Does $3$ divide $2^{2n}-1$? Prove or find a counter example of : $3$ divide $2^{2n}-1$ for all $n\in\mathbb N$.
I compute $2^{2n}-1$ until $n=5$ and it looks to work, but how can I prove this ? I tried by contradiction, but impossible to conclude. Any idea ?
 A: A direct proof: $$2^{2n}-1=(2^n)^2-1=(2^n+1)(2^n-1).$$ Since $2^n$ is not divisible by 3, then either $(2^n+1)$ or $(2^n-1)$ must be divisible by 3.
A: Since $2^{2n}=4^n$, you get $$2^{2n}\equiv 1\pmod 3\implies 2^{2n}-1\equiv 0\pmod 3,$$
what prove the claim.
A: HINT: $$2^{2n}-1=4^n-1\equiv 1^n-1=1-1\equiv 0\mod 3$$
A: You can use the binomial theorem:
$$2^{2n}-1 = 4^n -1 = (3+1)^n -1 $$
$$= \left(3^n + {n \choose 1}3^{n-1} + {n\choose 2} 3^{n-2} + \cdots +{n\choose n-1}3 + 1 \right)-1.$$
When you cancel the last $-1$ with the $+1$, everything left has a factor of $3.$
Or, if you want induction, note that 
$$2^{2(n+1)}-1 = 4(2^{2n}) -1 = 4(2^{2n}-1) +4 -1 = 4(\mbox{multiple of 3}) +3. $$
A: Induction proof. Assume $2^{2n}-1$ is divisible by $3$.

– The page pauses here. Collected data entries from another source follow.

lemma traceless_eigenvalue_square:
  fixes X :: "real^2^2"
  assumes "trace X = 0" "v \<noteq> 0" "X *v v = \<mu> *\<^sub>R v"
  shows "\<mu>\<^sup>2 = - det X"
proof -
  have "(- det X) *\<^sub>R v = (X ** X) *v v"
    unfolding traceless_square[OF assms(1)] scaleR_matrix_vector_assoc[symmetric] by simp
  also have "\<dots> = \<mu>\<^sup>2 *\<^sub>R v"
    using assms(3) by (simp add: matrix_vector_mult_scaleR power2_eq_square flip: matrix_vector_mul_assoc)
  finally show ?thesis
    using assms(2) scaleR_cancel_right[of "- det X" v "\<mu>\<^sup>2"] by simp
qed

lemma traceless_shift_kernel:
  fixes X :: "real^2^2"
  assumes "trace X = 0" "X \<noteq> 0" "c\<^sup>2 = - det X"
  obtains k where "k \<noteq> 0" "(X - c *\<^sub>R mat 1) *v k = 0"
    "\<And>v. v \<noteq> 0 \<Longrightarrow> (X - c *\<^sub>R mat 1) *v v = 0 \<Longrightarrow> proj_point v = proj_point k"
proof -
  have "det (X - c *\<^sub>R mat 1) = 0"
    using assms(1,3) by (cases X rule: mat2_cases)
      (simp add: mat2_one power2_eq_square algebra_simps flip: eq_neg_iff_add_eq_0)
  then obtain k where k: "k \<noteq> 0" "(X - c *\<^sub>R mat 1) *v k = 0"
    using kernel_nonzero by blast
  have nz: "X - c *\<^sub>R mat 1 \<noteq> 0"
  proof
    assume "X - c *\<^sub>R mat 1 = 0"
    then have "X = c *\<^sub>R mat 1"
      by simp
    moreover from this have "c = 0"
      using assms(1) by (simp add: trace_scaleR2 trace_I)
    ultimately show False
      using assms(2) by simp
  qed
  show thesis
  proof (rule that[OF k])
    fix v
    assume "v \<noteq> 0" "(X - c *\<^sub>R mat 1) *v v = 0"
    then show "proj_point v = proj_point k"
      using proj_point_eq_if_parallel[OF _ k(1) kernel_parallel[OF nz _ k(2)]] by blast
  qed
qed

lemma traceless_eigenvector_points:
  fixes X :: "real^2^2"
  assumes "trace X = 0" "X \<noteq> 0" "det X \<le> 0"
  obtains a b where "a \<in> boundary_points" "b \<in> boundary_points"
    "\<And>v. eigenvector X v \<Longrightarrow> proj_point v \<in> {a, b}" "\<exists>v. eigenvector X v"
proof -
  define \<sigma> where "\<sigma> = sqrt (- det X)"
  have \<sigma>2: "\<sigma>\<^sup>2 = - det X" "(- \<sigma>)\<^sup>2 = - det X"
    using assms(3) by (simp_all add: \<sigma>_def)
  obtain k1 where k1: "k1 \<noteq> 0" "(X - \<sigma> *\<^sub>R mat 1) *v k1 = 0"
    "\<And>v. v \<noteq> 0 \<Longrightarrow> (X - \<sigma> *\<^sub>R mat 1) *v v = 0 \<Longrightarrow> proj_point v = proj_point k1"
    using traceless_shift_kernel[OF assms(1,2) \<sigma>2(1)] by blast
  obtain k2 where k2: "k2 \<noteq> 0"
    "\<And>v. v \<noteq> 0 \<Longrightarrow> (X - (- \<sigma>) *\<^sub>R mat 1) *v v = 0 \<Longrightarrow> proj_point v = proj_point k2"
    using traceless_shift_kernel[OF assms(1,2) \<sigma>2(2)] by blast
  show thesis
  proof
    show "proj_point k1 \<in> boundary_points" "proj_point k2 \<in> boundary_points"
      unfolding boundary_points_def using k1(1) k2(1) by (simp_all add: image_eqI)
    show "proj_point v \<in> {proj_point k1, proj_point k2}" if v: "eigenvector X v" for v
    proof -
      obtain \<mu> where \<mu>: "v \<noteq> 0" "X *v v = \<mu> *\<^sub>R v"
        using v by (auto simp: eigenvector_def)
      then have "\<mu>\<^sup>2 = \<sigma>\<^sup>2"
        using traceless_eigenvalue_square[OF assms(1)] \<sigma>2(1) by simp
      then have "\<mu> = \<sigma> \<or> \<mu> = - \<sigma>"
        by (simp only: power2_eq_iff)
      moreover have "(X - \<mu> *\<^sub>R mat 1) *v v = 0"
        using \<mu>(2) by (simp add: matrix_vector_mult_diff_rdistrib flip: scaleR_matrix_vector_assoc)
      ultimately show ?thesis
        using k1(3)[OF \<mu>(1)] k2(2)[OF \<mu>(1)] by auto
    qed
    have "X *v k1 = \<sigma> *\<^sub>R k1"
      using k1(2) by (simp add: matrix_vector_mult_diff_rdistrib flip: scaleR_matrix_vector_assoc)
    then show "\<exists>v. eigenvector X v"
      using k1(1) by (auto simp: eigenvector_def)
  qed
qed
(* Let $X$ be a contractible finite $T_0$-space with more than one point. Then $|X|-\mathrm{rank}(X_M)=1$.
   Context: A finite $T_0$-space is identified with a finite poset via $x\le y$ iff $U_x\subseteq U_y$, where $U_x$ is the minimal open set containing $x$. For a labelling $X=\{x_1,\dots,x_n\}$, $X_M=(x_{i,j})$ is the $n\times n$ matrix with $x_{i,j}=0$ if $x_i\le x_j$ and $x_{i,j}=1$ otherwise. *)

theory Defs
  imports "HOL-Analysis.Analysis" "Jordan_Normal_Form.DL_Rank"
begin

definition minimal_open :: "'a topology \<Rightarrow> 'a \<Rightarrow> 'a set" where
  "minimal_open X a = \<Inter>{U. openin X U \<and> a \<in> U}"

definition fin_space_le :: "'a topology \<Rightarrow> 'a \<Rightarrow> 'a \<Rightarrow> bool" where
  "fin_space_le X a b \<longleftrightarrow> minimal_open X a \<subseteq> minimal_open X b"

text \<open>The matrix X_M for the labelling x_0,...,x_(n-1) (indices shifted to start at 0):
  entry (i,j) is 0 if x_i \<le> x_j and 1 otherwise.\<close>
definition space_matrix :: "'a topology \<Rightarrow> (nat \<Rightarrow> 'a) \<Rightarrow> real mat" where
  "space_matrix X x = mat (card (topspace X)) (card (topspace X))
     (\<lambda>(i, j). if fin_space_le X (x i) (x j) then 0 else 1)"

end

theory Submission
  imports Defs
begin

(* A finite T0-space is a finite poset, and a homotopy between maps of finite spaces is, by
   continuity in the time variable and connectedness of [0,1], a finite fence of pointwise
   comparable order-preserving maps.  If x is a beat point (the elements strictly below x have a
   maximum y, or dually above), then x |-> y is an order-preserving retraction, so removing x
   preserves contractibility, and a contractible finite poset without beat points is a point.
   Removing a beat point does not change the dimension of the kernel of X_M either, since column x
   (resp. row x) of X_M is column (resp. row) y minus the unit vector at x.  For a point X_M = (0),
   so by induction the kernel of X_M is a line and rank X_M = |X| - 1. *)

section \<open>Finite posets and beat points\<close>

definition poset_on :: "'a set \<Rightarrow> ('a \<Rightarrow> 'a \<Rightarrow> bool) \<Rightarrow> bool" where
  "poset_on S leq \<longleftrightarrow> reflp_on S leq \<and> antisymp_on S leq \<and> transp_on S leq"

Then $$\begin{align}2^{2(n+1)}-1&=2^2\cdot 2^{2n}-1\\
&=4\cdot (2^{2n}-1)+4-1\\
&=4(2^{2n}-1)-3
\end{align}$$
Since $2^{2n}-1$ is divisible by $3$, we get that $2^{2(n+1)}-1$ is divisible by $3$.

If you know linear recurrences, you can see that if 
$$a_n=2^{2n}-1$$
then you can show that $$a_{n+1}=5a_{n}-4a_{n-1}$$
So if you show that $a_0$ and $a_1$ are divisible by $3$, then all $a_n$ are divisible by $3$.